* [SUPPLIED MATERIAL]
(* Let $\mathcal{L}:\mathbb{R}^d\to\mathbb{R}$ be differentiable with $\nabla\mathcal{L}$ Lipschitz continuous with constant $L$. Run full-batch MoFO with $\beta_1<\sqrt{\beta_2}<1$, $\epsilon=0$ and learning rates $\eta_t=\eta/\sqrt t$ ($\eta>0$). Then for every iteration $t\ge1$ and every coordinate $i$, $$g_{i,t}\frac{\hat m_{i,t}}{\sqrt{\hat v_{i,t}}}\ge\sqrt{1-\beta_2}\left(|g_{i,t}|-\left[\frac{2\sqrt2\,\beta_1}{(1-\beta_1)^2}+\frac{4}{1-\beta_2}\right]\frac{LC\eta}{\sqrt t}\right),$$ where $C=\dfrac{\sqrt{d\cdot(\alpha\%)+B}}{\sqrt{1-\beta_2}\,(1-\beta_1/\sqrt{\beta_2})}$.
   Context: The coordinates of $\mathbb{R}^d$ are partitioned into $B$ blocks of sizes $d_1,\dots,d_B$ with $\sum_kd_k=d$. Fix $\alpha\%\in(0,1]$. For $z\in\mathbb{R}^d$, $\texttt{FLT}_\alpha(z)\in\{0,1\}^d$ equals, in each block $k$, $1$ exactly on a set of $\lceil d_k\cdot\alpha\%\rceil$ indices with the largest absolute values of $z$ within that block (ties broken in favour of smaller indices), and $0$ elsewhere. Full-batch MoFO with $\beta_1,\beta_2\in(0,1)$, learning rates $\eta_t>0$, initial point $\theta_0$: $m_0=v_0=0$; for $t\ge1$, $g_t=\nabla\mathcal{L}(\theta_{t-1})$, $m_t=\beta_1m_{t-1}+(1-\beta_1)g_t$, $v_t=\beta_2v_{t-1}+(1-\beta_2)g_t\odot g_t$, $\hat m_t=m_t/(1-\beta_1^t)$, $\hat v_t=v_t/(1-\beta_2^t)$, $\theta_t=\theta_{t-1}-\eta_t(\hat m_t\odot\texttt{FLT}_\alpha(m_t))/\sqrt{\hat v_t}$ entrywise ($\epsilon=0$: no additive constant in the denominator; a quotient with $\hat v_{i,t}=0$, where necessarily $\hat m_{i,t}=0$, is taken as $0$). Subscript $i,t$ denotes the $i$-th coordinate at iteration $t$. *)

theory Defs
  imports "HOL-Analysis.Analysis"
begin

text \<open>Coordinates of R^d are the elements of a finite linearly ordered index type 'n
  (d = CARD('n)); the order on 'n is the order of indices used for tie breaking.
  The block partition is given by a block-assignment function blk with values below B;
  block k is the set of coordinates i with blk i = k, of size d_k.\<close>

definition block_size :: "('n::finite \<Rightarrow> nat) \<Rightarrow> nat \<Rightarrow> nat" where
  "block_size blk k = card {i. blk i = k}"

definition block_rank :: "('n::{finite,linorder} \<Rightarrow> nat) \<Rightarrow> (real^'n::{finite,linorder}) \<Rightarrow> 'n::{finite,linorder} \<Rightarrow> nat" where
  "block_rank blk z j = card {i. blk i = blk j \<and>
      (\<bar>z$i\<bar> > \<bar>z$j\<bar> \<or> (\<bar>z$i\<bar> = \<bar>z$j\<bar> \<and> i < j))}"

text \<open>FLT_alpha(z), with a = alpha% in (0,1].\<close>
definition FLT :: "('n::{finite,linorder} \<Rightarrow> nat) \<Rightarrow> real \<Rightarrow> (real^'n::{finite,linorder}) \<Rightarrow> (real^'n::{finite,linorder})" where
  "FLT blk a z = (\<chi> j. if block_rank blk z j < nat \<lceil>real (block_size blk (blk j)) * a\<rceil>
                        then 1 else 0)"

primrec mofo :: "((real^'n::{finite,linorder}) \<Rightarrow> (real^'n::{finite,linorder})) \<Rightarrow> ('n::{finite,linorder} \<Rightarrow> nat) \<Rightarrow> real
    \<Rightarrow> real \<Rightarrow> real \<Rightarrow> (nat \<Rightarrow> real) \<Rightarrow> (real^'n::{finite,linorder}) \<Rightarrow> nat \<Rightarrow> (real^'n::{finite,linorder}) \<times> (real^'n::{finite,linorder}) \<times> (real^'n::{finite,linorder})" where
  "mofo G blk a b1 b2 eta th0 0 = (th0, 0, 0)"
| "mofo G blk a b1 b2 eta th0 (Suc t) =
     (let (th, m, v) = mofo G blk a b1 b2 eta th0 t;
          g = G th;
          m' = b1 *\<^sub>R m + (1 - b1) *\<^sub>R g;
          v' = b2 *\<^sub>R v + (1 - b2) *\<^sub>R (\<chi> i. (g$i)^2);
          mh = (1 / (1 - b1 ^ Suc t)) *\<^sub>R m';
          vh = (1 / (1 - b2 ^ Suc t)) *\<^sub>R v';
          f = FLT blk a m';
          th' = th - (\<chi> i. eta (Suc t) * (mh$i * f$i) / sqrt (vh$i))
      in (th', m', v'))"

definition mofo_theta where "mofo_theta G blk a b1 b2 eta th0 t = fst (mofo G blk a b1 b2 eta th0 t)"
definition mofo_m where "mofo_m G blk a b1 b2 eta th0 t = fst (snd (mofo G blk a b1 b2 eta th0 t))"
definition mofo_v where "mofo_v G blk a b1 b2 eta th0 t = snd (snd (mofo G blk a b1 b2 eta th0 t))"

end

(*
  Write t = n + 1.  The moments of coordinate i are exponential moving averages
  of its past gradients, m_t = ema b1 n g and v_t = ema b2 n g^2.  Since
  b1 < sqrt b2, the recursion preserves |m_t| <= (1 - b1) M sqrt v_t with
  M = 1 / (sqrt (1 - b2) (1 - b1 / sqrt b2)), so every coordinate of an update
  is at most eta_t (1 - b1) M / (1 - b1^t); as FLT keeps at most d a + B
  coordinates, a step has length at most C eta_t (1 - b1) / (1 - b1^t).
  By the Lipschitz bound every past gradient g_s is then within L C eta times a
  tail sum of 1 / sqrt r of g_t.  Averaging these drifts with the EMA weights
  shows that the bias-corrected first moment is within 2 X of g_t and that the
  square root of the bias-corrected second moment lies between sqrt (1 - b2) |g_t|
  and |g_t| + 4 sqrt b2 X / (1 - b2), where X = L C eta / sqrt t; a case analysis
  on the size of g_t and the sign of g_t m_t turns this into the bound.
*)

theory Submission
  imports Defs
begin

section \<open>Sums of inverse square roots and of weighted squares\<close>

lemma one_minus_power_le:
  fixes b :: real
  assumes "0 \<le> b" "b \<le> 1"
  shows "1 - b ^ t \<le> real t * (1 - b)"
  using Bernoulli_inequality[of "b - 1" t] assms by (simp add: algebra_simps)

lemma sqrt_add_one_diff_le:
  fixes t :: real
  assumes "0 \<le> t"
  shows "2 * sqrt t * (sqrt (t + 1) - sqrt t) \<le> 1"
proof -
  have "0 \<le> (sqrt (t + 1) - sqrt t)\<^sup>2" by simp
  also have "\<dots> = 2 * t + 1 - 2 * sqrt t * sqrt (t + 1)"
    using assms by (simp add: power2_eq_square algebra_simps)
  finally have "2 * sqrt t * sqrt (t + 1) \<le> 2 * t + 1" by simp
  moreover have "sqrt t * sqrt t = t" using assms by simp
  moreover have "2 * sqrt t * (sqrt (t + 1) - sqrt t) = 2 * sqrt t * sqrt (t + 1) - 2 * (sqrt t * sqrt t)"
    by (simp add: algebra_simps)
  ultimately show ?thesis by linarith
qed

lemma inv_sqrt_le_sqrt_add_one_diff:
  fixes m :: real
  assumes m: "1 \<le> m"
  shows "1 / sqrt m \<le> 2 * sqrt 2 * (sqrt (m + 1) - sqrt m)"
proof -
  have sm: "0 < sqrt m" using m by simp
  have "sqrt (m + 1) \<le> sqrt 2 * sqrt m"
    using m by (simp flip: real_sqrt_mult)
  moreover have "sqrt m \<le> sqrt 2 * sqrt m" using sm by simp
  ultimately have le: "sqrt (m + 1) + sqrt m \<le> 2 * sqrt 2 * sqrt m" by linarith
  have pos: "0 < sqrt (m + 1) + sqrt m" using sm by (simp add: add_nonneg_pos)
  have "1 / sqrt m = 2 * sqrt 2 * (1 / (2 * sqrt 2 * sqrt m))" using sm by simp
  also have "\<dots> \<le> 2 * sqrt 2 * (1 / (sqrt (m + 1) + sqrt m))"
    using le pos sm by (intro mult_left_mono divide_left_mono) (auto intro!: mult_pos_pos)
  also have "1 / (sqrt (m + 1) + sqrt m) = sqrt (m + 1) - sqrt m"
    using m pos by (simp add: field_simps)
  finally show ?thesis .
qed

lemma sum_inv_sqrt_le_sqrt_diff:
  assumes "s \<le> n"
  shows "(\<Sum>r\<in>{s..<n}. 1 / sqrt (real r + 1)) \<le> 2 * sqrt 2 * (sqrt (real n + 1) - sqrt (real s + 1))"
  using assms
proof (induction n)
  case (Suc n)
  show ?case
  proof (cases "s = Suc n")
    case False
    then have "s \<le> n" using Suc.prems by simp
    then show ?thesis
      using Suc.IH inv_sqrt_le_sqrt_add_one_diff[of "real n + 1"] by (simp add: algebra_simps)
  qed simp
qed simp

lemma sum_inv_sqrt_le:
  assumes "s \<le> n"
  shows "(\<Sum>r\<in>{s..<n}. 1 / sqrt (real r + 1)) \<le> 2 * sqrt 2 * (real n - real s) / sqrt (real n + 1)"
proof -
  let ?u = "sqrt (real n + 1)" and ?v = "sqrt (real s + 1)"
  have pos: "0 < ?u" "0 < ?u + ?v" by (auto simp: add_pos_nonneg)
  have "?u - ?v = (real n - real s) / (?u + ?v)"
    using pos by (simp add: field_simps)
  also have "\<dots> \<le> (real n - real s) / ?u"
    using assms pos by (intro divide_left_mono) auto
  finally have "2 * sqrt 2 * (?u - ?v) \<le> 2 * sqrt 2 * ((real n - real s) / ?u)"
    by (rule mult_left_mono) simp
  then show ?thesis
    using sum_inv_sqrt_le_sqrt_diff[OF assms] by simp
qed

* [TO DO] Pull out every line in the data above that has the word "linarith".

* [SOLUTION BELOW]
  ultimately show ?thesis by linarith
  ultimately have le: "sqrt (m + 1) + sqrt m \<le> 2 * sqrt 2 * sqrt m" by linarith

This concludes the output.